Viewers watch them reflect, remember and be reminded of a loved one, filmed as they respond silently but expressively to a series of questions in a Scottish accent, unheard by the audience.

Willow Bowen, York Mediale assistant producer and People We Love participant, at the 2021 installation launch at York Minster. Picture: Tony Bartholomew

After multiple months of Government restrictions keeping people at a distance from family and friends, People We Love has become an even more poignant reminder of how precious love and those loved are. Then add the church season of All Souls Day and Armistice Day, and the exhibition could not be better timed nor better placed.

People We Love was inspired by The Life And Opinions Of Tristram Shandy, Gentleman by Coxwold parson and author Laurence Sterne. First published in York in 1759, the book contains a blank page for the reader to imagine, draw or write about a person they love.

KMA’s Kit Monkman, artist and creator of People We Love, says: “In Tristram Shandy, the reader becomes an active participant in the book. We wanted to take that idea and incorporate it into People We Love, making the audience member an active participant in the creative process as they engage with the film.

“There is a private communion between the person filmed and the viewer, and each draws their own meaning from it, the viewer never knowing anything about the story between the person on screen and their photograph.”

Each unspoken story has its own tale to tell, but one that will never be discovered by the viewer, who will instead have their own understanding of what they are watching, creating a different narrative.

“You don’t have to emote with words; it can be all in the face,” says KMA’s Kit Monkman. Picture: Tony Bartholomew

In a time where it has become more commonplace to interact with those we love via a screen, this quiet artwork offers a chance for contemplation and consideration in a sacred building.

Neil Sanderson, director of the York Minster Fund, says: “We’re delighted to have People We Love return to the Minster after its early closure in 2020 due to the national lockdown.
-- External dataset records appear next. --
definition is_rule :: "('f::field) bvec set \<Rightarrow> 'f bvec list \<Rightarrow> 'f bvec list set \<Rightarrow> bool" where
  "is_rule V v T \<longleftrightarrow>
     T \<subseteq> {xs. is_block_list xs} \<and> v \<in> T \<and>
     (\<forall>y\<in>T. odd (length y) \<longrightarrow>
        (\<forall>Z. block_subspace Z \<and> Z \<subseteq> V \<longrightarrow> (\<exists>z\<in>Z. y @ [z] \<in> T))) \<and>
     (\<forall>y\<in>T. even (length y) \<longrightarrow> (\<exists>n. \<forall>z\<in>tail_sub V n. y @ [z] \<in> T))"

text \<open>Strategies for player I: a map from the moves of II so far (the subspaces Z_j and
  vectors y_j played so far) to I's next move (x, n).\<close>
type_synonym 'f stratI = "'f bvec set list \<Rightarrow> 'f bvec list \<Rightarrow> 'f bvec \<times> nat"

text \<open>Case |v| even. In round k, II has played Z_0..Z_k and y_0..y_{k-1}; I answers (x_k, n_k).
  Outcome: v @ (x_0, y_0, x_1, y_1, ...).\<close>
definition evI_x :: "'f stratI \<Rightarrow> (nat \<Rightarrow> 'f bvec set) \<Rightarrow> (nat \<Rightarrow> 'f bvec) \<Rightarrow> nat \<Rightarrow> 'f bvec" where
  "evI_x \<sigma> Zs ys k = fst (\<sigma> (map Zs [0..<Suc k]) (map ys [0..<k]))"

definition evI_n :: "'f stratI \<Rightarrow> (nat \<Rightarrow> 'f bvec set) \<Rightarrow> (nat \<Rightarrow> 'f bvec) \<Rightarrow> nat \<Rightarrow> nat" where
  "evI_n \<sigma> Zs ys k = snd (\<sigma> (map Zs [0..<Suc k]) (map ys [0..<k]))"

definition ev_out :: "'f bvec list \<Rightarrow> 'f stratI \<Rightarrow> (nat \<Rightarrow> 'f bvec set) \<Rightarrow> (nat \<Rightarrow> 'f bvec) \<Rightarrow> nat \<Rightarrow> 'f bvec" where
  "ev_out v \<sigma> Zs ys i =
     (if i < length v then v ! i
      else if even (i - length v) then evI_x \<sigma> Zs ys ((i - length v) div 2)
      else ys ((i - length v) div 2))"

definition I_wins_even ::
  "('f::field) bvec set \<Rightarrow> 'f bvec list \<Rightarrow> 'f bvec list set \<Rightarrow> (nat \<Rightarrow> 'f bvec) set \<Rightarrow> 'f stratI \<Rightarrow> bool" where
  "I_wins_even V v T A \<sigma> \<longleftrightarrow>
     (\<forall>Zs ys.
       (let out = ev_out v \<sigma> Zs ys;
            Zok = (\<lambda>j. block_subspace (Zs j) \<and> Zs j \<subseteq> V);
            yok = (\<lambda>j. ys j \<in> tail_sub V (evI_n \<sigma> Zs ys j) \<and>
                       map out [0..<length v + 2 * j + 2] \<in> T);
            xok = (\<lambda>k. evI_x \<sigma> Zs ys k \<in> Zs k \<and> evI_x \<sigma> Zs ys k \<noteq> (\<lambda>_. 0) \<and>
                       map out [0..<length v + 2 * k + 1] \<in> T)
        in (\<forall>k. (\<forall>j\<le>k. Zok j) \<and> (\<forall>j<k. yok j) \<longrightarrow> xok k) \<and>
           ((\<forall>j. Zok j \<and> yok j) \<longrightarrow> out \<in> A)))"

text \<open>Case |v| odd. In round k, II has played y_0..y_{k-1} and Z_0..Z_{k-1};
  I answers (x_{k-1}, n_k) (in round 0 only n_0 is used).
  Outcome: v @ (y_0, x_0, y_1, x_1, ...).\<close>
definition odI_x :: "'f stratI \<Rightarrow> (nat \<Rightarrow> 'f bvec set) \<Rightarrow> (nat \<Rightarrow> 'f bvec) \<Rightarrow> nat \<Rightarrow> 'f bvec" where
  "odI_x \<sigma> Zs ys k = fst (\<sigma> (map Zs [0..<Suc k]) (map ys [0..<Suc k]))"

definition odI_n :: "'f stratI \<Rightarrow> (nat \<Rightarrow> 'f bvec set) \<Rightarrow> (nat \<Rightarrow> 'f bvec) \<Rightarrow> nat \<Rightarrow> nat" where
  "odI_n \<sigma> Zs ys k = snd (\<sigma> (map Zs [0..<k]) (map ys [0..<k]))"

definition od_out :: "'f bvec list \<Rightarrow> 'f stratI \<Rightarrow> (nat \<Rightarrow> 'f bvec set) \<Rightarrow> (nat \<Rightarrow> 'f bvec) \<Rightarrow> nat \<Rightarrow> 'f bvec" where
  "od_out v \<sigma> Zs ys i =
     (if i < length v then v ! i
      else if even (i - length v) then ys ((i - length v) div 2)
      else odI_x \<sigma> Zs ys ((i - length v) div 2))"

definition I_wins_odd ::
  "('f::field) bvec set \<Rightarrow> 'f bvec list \<Rightarrow> 'f bvec list set \<Rightarrow> (nat \<Rightarrow> 'f bvec) set \<Rightarrow> 'f stratI \<Rightarrow> bool" where
  "I_wins_odd V v T A \<sigma> \<longleftrightarrow>
     (\<forall>Zs ys.
       (let out = od_out v \<sigma> Zs ys;
            IIok = (\<lambda>j. ys j \<in> tail_sub V (odI_n \<sigma> Zs ys j) \<and>
                        block_subspace (Zs j) \<and> Zs j \<subseteq> V \<and>
                        map out [0..<length v + 2 * j + 1] \<in> T);
            xok = (\<lambda>k. odI_x \<sigma> Zs ys k \<in> Zs k \<and> odI_x \<sigma> Zs ys k \<noteq> (\<lambda>_. 0) \<and>
                       map out [0..<length v + 2 * k + 2] \<in> T)
        in (\<forall>k. (\<forall>j\<le>k. IIok j) \<longrightarrow> xok k) \<and>
           ((\<forall>j. IIok j) \<longrightarrow> out \<in> A)))"

definition I_has_strategy ::
  "('f::field) bvec set \<Rightarrow> 'f bvec list \<Rightarrow> 'f bvec list set \<Rightarrow> (nat \<Rightarrow> 'f bvec) set \<Rightarrow> bool" where
  "I_has_strategy V v T A \<longleftrightarrow>
     (\<exists>\<sigma>. if even (length v) then I_wins_even V v T A \<sigma> else I_wins_odd V v T A \<sigma>)"

end

theory Submission imports Defs begin

(* Fix n0 with W[n0] \<subseteq> V.  Every subspace Z \<subseteq> W contains a subspace
   Z' \<subseteq> Z \<inter> V: drop the first n0+1 vectors of a block basis of Z, so that every non-zero
   vector of the span starts after n0 and therefore lies in W[n0] \<subseteq> V.  Choose such a
   refinement f Z for each Z.  Player I transfers a strategy \<sigma> for B^T_V(v) to B^T_W(v):
   whenever II plays Z in the W-game, I pretends II played f Z in the V-game, and every
   integer n demanded by \<sigma> is raised to n + n0.  Then every legal run of II in the W-game
   yields a legal run of II in the V-game with the same vectors (II's vectors in W[n + n0] lie
   in V[n], and f Z \<subseteq> Z), so \<sigma>'s answers are legal and the outcome is \<sigma>'s outcome, in A. *)

lemma block_seq_Min_supp_ge:
  assumes "is_block_seq (b :: nat \<Rightarrow> ('f::field) bvec)"
  shows "i \<le> Min (supp (b i))"
proof (induction i)
  case 0
  then show ?case by simp
next
  case (Suc i)
  have "finite (supp (b i))" and "supp (b i) \<noteq> {}"
    using assms unfolding is_block_seq_def Evec_def supp_def by (auto simp: fun_eq_iff)
  then have "Min (supp (b i)) \<le> Max (supp (b i))" by (meson Max_ge Min_in)
  moreover have "Max (supp (b i)) < Min (supp (b (Suc i)))"
    using assms unfolding is_block_seq_def by blast
  ultimately show ?case using Suc by linarith
qed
The installation forms part of a wider season of remembering at the cathedral that we hope will give visitors time to pause, reflect and think about their own loved ones during what has been an extraordinarily difficult time for so many.

“This installation kicks off our season of memorial, with All Saints’ Day, All Souls Day and Remembrance Sunday to come, and it’s such an important thing to do, remembering people who have died, especially at this time.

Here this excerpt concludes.